== Task goal ==
Work through the entries below and show every line in which "topspace" is found.

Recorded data
#####

(* For every Tychonoff space $X$, the following are equivalent: (1) $C_p(X)\models S_1(\Gamma_f,\Omega_f)$ for every $f\in C_p(X)$; (2) $X\models S_1(\Gamma_F,\Omega)$.
   Context: All spaces are Tychonoff; $C_p(X)$ is $C(X)$ with pointwise convergence topology. For $y$ in a space $Y$: $\Omega_y=\{A\subseteq Y: y\in\overline A\setminus A\}$, $\Gamma_y=\{A\subseteq Y: A$ infinite, $y\notin A$, every neighbourhood of $y$ contains all but finitely many points of $A\}$. A zero-set is $g^{-1}(0)$ for some $g\in C(X)$; a cozero-set is the complement of a zero-set. A cover $\mathcal U$ of $X$ always means $X=\bigcup\mathcal U$, $X\notin\mathcal U$. $\Omega$: open $\omega$-covers (every finite subset of $X$ lies in some member). A $\gamma$-cover is an infinite cover such that each point lies in all but finitely many members. $\Gamma_F$ is the family of $\gamma$-covers $\mathcal U$ of $X$ by cozero-sets that are $\gamma_F$-shrinkable: there exist zero-sets $F(U)\subseteq U$ ($U\in\mathcal U$) such that $\{F(U):U\in\mathcal U\}$ is a $\gamma$-cover of $X$. $S_1(\mathcal A,\mathcal B)$: for every sequence $(A_n)$ from $\mathcal A$ there are $b_n\in A_n$ with $\{b_n:n\in\omega\}\in\mathcal B$. *)

theory Defs
  imports "HOL-Analysis.Analysis"
begin

definition tychonoff_space :: "'a topology \<Rightarrow> bool" where
  "tychonoff_space X \<longleftrightarrow> completely_regular_space X \<and> t1_space X"

text \<open>C_p(X): continuous real functions on X (extensional, i.e. undefined off the
  carrier), with the topology of pointwise convergence (subspace of the product).\<close>
definition Cp :: "'a topology \<Rightarrow> ('a \<Rightarrow> real) topology" where
  "Cp X = subtopology (powertop_real (topspace X))
            {f. continuous_map X euclideanreal f \<and> f \<in> extensional (topspace X)}"

definition Omega_at :: "'b topology \<Rightarrow> 'b \<Rightarrow> 'b set set" where
  "Omega_at Y y = {A. A \<subseteq> topspace Y \<and> y \<in> Y closure_of A \<and> y \<notin> A}"

definition Gamma_at :: "'b topology \<Rightarrow> 'b \<Rightarrow> 'b set set" where
  "Gamma_at Y y = {A. A \<subseteq> topspace Y \<and> infinite A \<and> y \<notin> A \<and>
      (\<forall>U. openin Y U \<and> y \<in> U \<longrightarrow> finite (A - U))}"

definition S1 :: "'c set set \<Rightarrow> 'c set set \<Rightarrow> bool" where
  "S1 \<A> \<B> \<longleftrightarrow> (\<forall>A :: nat \<Rightarrow> 'c set. (\<forall>n. A n \<in> \<A>) \<longrightarrow>
      (\<exists>b. (\<forall>n. b n \<in> A n) \<and> range b \<in> \<B>))"

definition zero_set :: "'a topology \<Rightarrow> 'a set \<Rightarrow> bool" where
  "zero_set X Z \<longleftrightarrow> (\<exists>g. continuous_map X euclideanreal g \<and> Z = {x \<in> topspace X. g x = 0})"

definition cozero_set :: "'a topology \<Rightarrow> 'a set \<Rightarrow> bool" where
  "cozero_set X U \<longleftrightarrow> (\<exists>Z. zero_set X Z \<and> U = topspace X - Z)"

definition is_cover :: "'a topology \<Rightarrow> 'a set set \<Rightarrow> bool" where
  "is_cover X \<U> \<longleftrightarrow> \<Union>\<U> = topspace X \<and> topspace X \<notin> \<U>"

definition omega_covers :: "'a topology \<Rightarrow> 'a set set set" where
  "omega_covers X = {\<U>. is_cover X \<U> \<and> (\<forall>U\<in>\<U>. openin X U) \<and>
      (\<forall>F. finite F \<and> F \<subseteq> topspace X \<longrightarrow> (\<exists>U\<in>\<U>. F \<subseteq> U))}"

definition is_gamma_cover :: "'a topology \<Rightarrow> 'a set set \<Rightarrow> bool" where
  "is_gamma_cover X \<U> \<longleftrightarrow> is_cover X \<U> \<and> infinite \<U> \<and>
      (\<forall>x\<in>topspace X. finite {U\<in>\<U>. x \<notin> U})"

#####

== Reply to the exercise ==
  "Cp X = subtopology (powertop_real (topspace X))
            {f. continuous_map X euclideanreal f \<and> f \<in> extensional (topspace X)}"
  "Omega_at Y y = {A. A \<subseteq> topspace Y \<and> y \<in> Y closure_of A \<and> y \<notin> A}"
  "Gamma_at Y y = {A. A \<subseteq> topspace Y \<and> infinite A \<and> y \<notin> A \<and>
  "zero_set X Z \<longleftrightarrow> (\<exists>g. continuous_map X euclideanreal g \<and> Z = {x \<in> topspace X. g x = 0})"
  "cozero_set X U \<longleftrightarrow> (\<exists>Z. zero_set X Z \<and> U = topspace X - Z)"
  "is_cover X \<U> \<longleftrightarrow> \<Union>\<U> = topspace X \<and> topspace X \<notin> \<U>"
      (\<forall>F. finite F \<and> F \<subseteq> topspace X \<longrightarrow> (\<exists>U\<in>\<U>. F \<subseteq> U))}"
      (\<forall>x\<in>topspace X. finite {U\<in>\<U>. x \<notin> U})"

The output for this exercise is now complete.